Changement de rythme
Pendant le Ramadan, les élèves font face à la fatigue et à la soif, notamment en période d’examen qui nécessite compréhension, flexibilité et concentration. Les élèves jeûneurs, au collège ou au lycée, peuvent ressentir de la fatigue, affectant leur énergie physique et leur concentration pendant les cours ou les séances des devoirs de contrôle ou de synthèse. L’on sait que les élèves qui jeûnent peuvent ne pas être totalement concentrés sur ce qu’ils sont en train de faire pendant les cours ou les examens, souvent par manque de sommeil puisqu’ils veillent jusqu’à une heure tardive pendant le Ramadan, en se réveillant le matin avec une baisse d’énergie.
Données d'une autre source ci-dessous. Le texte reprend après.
lemma Suc_times_binomial_Suc_eq: "Suc k * (n choose Suc k) = (n - k) * (n choose k)"
  by (metis binomial_absorption binomial_absorb_comp)

lemma binomial_Suc_Suc_mult_diff:
  assumes "i \<le> k"
  shows "int (Suc (Suc n) choose Suc i) * int (Suc k - i) =
           int (k + 2) * int (Suc n choose Suc i) - (int n - int k) * int (Suc n choose i)"
proof -
  define b0 b1 where "b0 = int (Suc n choose i)" and "b1 = int (Suc n choose Suc i)"
  have absorb: "int (Suc i) * b1 = (int n + 1 - int i) * b0"
  proof (cases "i \<le> Suc n")
    case True
    then show ?thesis
      using arg_cong[OF Suc_times_binomial_Suc_eq[of i "Suc n"], of int]
      by (simp only: of_nat_mult of_nat_diff) (simp add: b0_def b1_def del: binomial_Suc_Suc)
  qed (simp add: b0_def b1_def binomial_eq_0)
  have "int (Suc (Suc n) choose Suc i) = b0 + b1"
    by (simp only: binomial_Suc_Suc b0_def b1_def of_nat_add add.commute)
  moreover have "(b0 + b1) * int (Suc k - i) - (int (k + 2) * b1 - (int n - int k) * b0)
      = (int n + 1 - int i) * b0 - int (Suc i) * b1"
    using assms by (simp add: of_nat_diff algebra_simps)
  ultimately show ?thesis
    using absorb by (simp add: b0_def b1_def)
qed

definition eulerian_explicit :: "nat \<Rightarrow> nat \<Rightarrow> int" where
  "eulerian_explicit n k = (\<Sum>j\<le>k. (-1)^j * int (Suc n choose j) * int (Suc k - j)^n)"

lemma eulerian_explicit_Suc_Suc:
  "eulerian_explicit (Suc n) (Suc k) =
     int (k + 2) * eulerian_explicit n (Suc k) + (int n - int k) * eulerian_explicit n k"
proof -
  have summand_eq: "(-1)^Suc i * int (Suc (Suc n) choose Suc i) * int (Suc k - i)^Suc n =
      int (k + 2) * ((-1)^Suc i * int (Suc n choose Suc i) * int (Suc k - i)^n)
      + (int n - int k) * ((-1)^i * int (Suc n choose i) * int (Suc k - i)^n)"
    if "i \<le> k" for i
  proof -
    have "(-1)^Suc i * int (Suc (Suc n) choose Suc i) * int (Suc k - i)^Suc n
        = (-1)^Suc i * int (Suc k - i)^n * (int (Suc (Suc n) choose Suc i) * int (Suc k - i))"
      by (simp only: power_Suc ac_simps)
    then show ?thesis
      unfolding binomial_Suc_Suc_mult_diff[OF that] by (simp add: algebra_simps)
  qed
  have shift: "eulerian_explicit n (Suc k) = int (k + 2)^n +
      (\<Sum>i\<le>k. (-1)^Suc i * int (Suc n choose Suc i) * int (Suc k - i)^n)"
    unfolding eulerian_explicit_def sum.atMost_Suc_shift by (simp del: binomial_Suc_Suc)
  have "eulerian_explicit (Suc n) (Suc k) = int (k + 2)^Suc n +
      (\<Sum>i\<le>k. (-1)^Suc i * int (Suc (Suc n) choose Suc i) * int (Suc k - i)^Suc n)"
    unfolding eulerian_explicit_def sum.atMost_Suc_shift by (simp del: binomial_Suc_Suc)
  also have "\<dots> = int (k + 2)^Suc n +
      (\<Sum>i\<le>k. int (k + 2) * ((-1)^Suc i * int (Suc n choose Suc i) * int (Suc k - i)^n)
        + (int n - int k) * ((-1)^i * int (Suc n choose i) * int (Suc k - i)^n))"
    using summand_eq by simp
  also have "\<dots> = int (k + 2) * eulerian_explicit n (Suc k) + (int n - int k) * eulerian_explicit n k"
    unfolding shift eulerian_explicit_def[of n k] sum.distrib
    by (simp add: sum_distrib_left distrib_left)
  finally show ?thesis .
qed

lemma eulerian_eq_explicit: "int (eulerian n k) = eulerian_explicit n k"
proof (induction n arbitrary: k)
  case 0
  have "(\<Sum>j\<le>k. (-1)^j * int (Suc 0 choose j)) = (if k = 0 then 1 else 0)"
    by (induction k) (auto simp: binomial_eq_0)
  then show ?case
    by (simp add: eulerian_explicit_def)
next
  case (Suc n)
  show ?case
  proof (cases k)
    case 0
    then show ?thesis
      using Suc.IH[of 0] by (simp add: eulerian_explicit_def)
  next
    case (Suc k')
    have "int (eulerian (Suc n) (Suc k')) =
        int (k' + 2) * int (eulerian n (Suc k')) + int (n - k') * int (eulerian n k')"
      by (simp only: eulerian.simps of_nat_add of_nat_mult diff_Suc_Suc) simp
    also have "int (n - k') * int (eulerian n k') = (int n - int k') * int (eulerian n k')"
      by (cases "k' \<le> n") (simp_all add: of_nat_diff eulerian_eq_0)
    finally show ?thesis
      unfolding Suc Suc.IH eulerian_explicit_Suc_Suc .
  qed
qed
text \<open>The residue \<^const>\<open>res_H\<close> with the division by $\alpha_H = c z_1$ made explicit, so that
  it is linear on all numerator families.\<close>
definition residue :: "'a::field \<Rightarrow> 'a form \<Rightarrow> 'a form" where
  "residue c f = (\<lambda>I. if 0 \<in> I then 0 else const_poly (1 / c) * restrict_H (div_z1 (f I)))"

lemma residue_0 [simp]: "residue c 0 = 0"
  by (simp add: residue_def fun_eq_iff)

lemma residue_eq_0_iff: "residue c f = 0 \<longleftrightarrow> c = 0 \<or> (\<forall>I. 0 \<notin> I \<longrightarrow> z1 dvd div_z1 (f I))"
  by (auto simp: residue_def fun_eq_iff z1_dvd_iff_restrict_H_eq_0)

lemma dwedge_coeff_add: "dwedge_coeff a (f + g) J = dwedge_coeff a f J + dwedge_coeff a g J"
  by (simp add: dwedge_coeff_def sum.distrib distrib_left)

lemma dwedge_coeff_form_mult: "dwedge_coeff a (form_mult q f) J = q * dwedge_coeff a f J"
  by (simp add: dwedge_coeff_def form_mult_def sum_distrib_left algebra_simps)

lemma form_scale_eq_form_mult: "form_scale c = form_mult (const_poly c)"
  by (simp add: form_scale_def form_mult_def fun_eq_iff)

lemma euler_contr_form_mult: "euler_contr l (form_mult q f) = form_mult q (euler_contr l f)"
  by (simp add: euler_contr_def form_mult_def fun_eq_iff sum_distrib_left algebra_simps)

lemma linear_form_mult: "Vector_Spaces.linear form_scale form_scale (form_mult (q :: 'a::field mpoly))"
  by (rule linear_formI) (simp_all add: form_mult_def form_scale_def fun_eq_iff algebra_simps)

lemma linear_euler_contr: "Vector_Spaces.linear form_scale form_scale (euler_contr l :: 'a::field form \<Rightarrow> _)"
  by (rule linear_formI)
    (simp_all add: euler_contr_def form_scale_def fun_eq_iff sum.distrib distrib_left
      sum_distrib_left mult.left_commute)

lemma linear_residue: "Vector_Spaces.linear form_scale form_scale (residue c)"
  by (rule linear_formI)
    (simp_all add: residue_def form_scale_def fun_eq_iff div_z1_add restrict_H_add
      div_z1_const_poly_mult restrict_H_const_poly_mult distrib_left mult.left_commute)

lemma OmegaA_degD:
  assumes "f \<in> OmegaA_deg l A p N"
  shows "f I \<noteq> 0 \<Longrightarrow> I \<subseteq> {..<l} \<and> card I = p"
    and "poly_in_vars {..<l} (f I)"
    and "homog (N + int (card A)) (f I)"
    and "a \<in> A \<Longrightarrow> J \<subseteq> {..<l} \<Longrightarrow> card J = Suc p \<Longrightarrow> lform l a dvd dwedge_coeff a f J"
  using assms by (simp_all add: OmegaA_deg_def)

lemma OmegaA_degI:
  assumes "\<And>I. f I \<noteq> 0 \<Longrightarrow> I \<subseteq> {..<l} \<and> card I = p"
    and "\<And>I. poly_in_vars {..<l} (f I)"
    and "\<And>I. homog (N + int (card A)) (f I)"
    and "\<And>a J. a \<in> A \<Longrightarrow> J \<subseteq> {..<l} \<Longrightarrow> card J = Suc p \<Longrightarrow> lform l a dvd dwedge_coeff a f J"
  shows "f \<in> OmegaA_deg l A p N"
  using assms by (simp add: OmegaA_deg_def)

lemma subspace_OmegaA_deg: "form.subspace (OmegaA_deg l A p N)"
proof (rule form.subspaceI)
  show "0 \<in> OmegaA_deg l A p N"
    by (simp add: OmegaA_deg_def dwedge_coeff_def)
next
  fix f g assume f: "f \<in> OmegaA_deg l A p N" and g: "g \<in> OmegaA_deg l A p N"
  show "f + g \<in> OmegaA_deg l A p N"
  proof (rule OmegaA_degI)
    fix I assume "(f + g) I \<noteq> 0"
    then have "f I \<noteq> 0 \<or> g I \<noteq> 0" by auto
    then show "I \<subseteq> {..<l} \<and> card I = p"
      using OmegaA_degD(1)[OF f] OmegaA_degD(1)[OF g] by blast
  qed (use OmegaA_degD[OF f] OmegaA_degD[OF g] in
      \<open>auto simp: dwedge_coeff_add intro: poly_in_vars_add homog_add\<close>)
next
  fix c f assume f: "f \<in> OmegaA_deg l A p N"
  show "form_scale c f \<in> OmegaA_deg l A p N"
    by (rule OmegaA_degI)
      (use OmegaA_degD[OF f] in \<open>auto simp: form_scale_eq_form_mult dwedge_coeff_form_mult
        intro: poly_in_vars_const_poly_mult homog_const_poly_mult\<close>)
qed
«Je n’ai jamais vraiment besoin d’étudier ou d’étudier beaucoup pendant le Ramadan, nous a confié un élève de 6e année secondaire, mais comme mes examens auront lieu pendant le Ramadan, les choses vont changer cette année. Je dois m’adapter aux nouvelles circonstances». En effet, c’est une question d’adaptation pour mieux affronter la fatigue et le manque de concentration en cette période de jeûne. Certains élèves sont pourtant déterminés à observer le jeûne pendant ce mois et ne veulent pas manquer ce devoir à cause des examens. Toujours est-il qu’ils ont besoin de conseils pour mieux affronter cette période afin de pouvoir réviser leurs leçons et passer leurs examens dans des conditions normales, des conseils qui les aideraient à mieux s’adapter au nouveau rythme.
Le revers de la médaille
Ce phénomène d’absentéisme prend de l’ampleur depuis le début de Ramadan, surtout parmi les lycéens. D’ailleurs, nous avons pu lire sur la page officielle Facebook du lycée d’Hammam-Lif cette mise en garde adressée par l’administration à tous les parents d’élèves les appelant à «bien suivre les absences répétées de leurs enfants et à contrôler leur présence aux cours, sachant que la scolarité de l’élève suppose le respect de l’organisation scolaire et des programmes officiels selon un calendrier bien déterminé que l’élève doit achever à temps pour bien affronter les examens, sans quoi les élèves absentéistes peuvent avoir de mauvais résultats, notamment les candidats au bac…».
On remarque donc que les élèves, surtout dans les lycées, s’absentent trop, en particulier depuis le début du mois de Ramadan. Ces absences sont en grande partie injustifiées, ce qui pourrait avoir un mauvais impact sur leurs performances dans les examens comptant pour ce deuxième trimestre, surtout que les cours continuent à être dispensés pendant la période qui précède la semaine bloquée et sont inclus dans les devoirs de synthèse. Ces élèves absents comptent souvent sur les cours particuliers ou sur leurs camarades présents dans les cours qu’ils ont ratés. Mais rien ne vaut une leçon en classe donnée par le professeur. Même les élèves candidats au baccalauréat ont tendance à s’absenter pendant les cours en cette période de jeûne, ce qui pourrait avoir un impact négatif, non seulement sur leurs résultats trimestriels, mais aussi sur leur préparation à cet examen national qui exige de l’élève une assiduité scolaire sans négliger certains aspects du programme officiel, sachant que le contenu des épreuves du bac portera sur tout le programme, supposé être achevé avant l’examen. Un cours raté ou négligé pourrait avoir des conséquences graves sur les résultats d’un élève absentéiste.
Et dire que, parfois, la nonchalance et la tolérance de l’administration scolaire pendant ce mois saint font que ces absences ne sont pas rigoureusement contrôlées ou sanctionnées, ce qui pousse certains élèves à récidiver. Les directeurs des établissements secondaires sont donc invités à surveiller en permanence l’assiduité des élèves et à prendre les mesures appropriées pour réduire ces absences injustifiées, notamment chez les élèves des classes terminales pendant le troisième trimestre pour que les programmes officiels puissent être achevés à temps.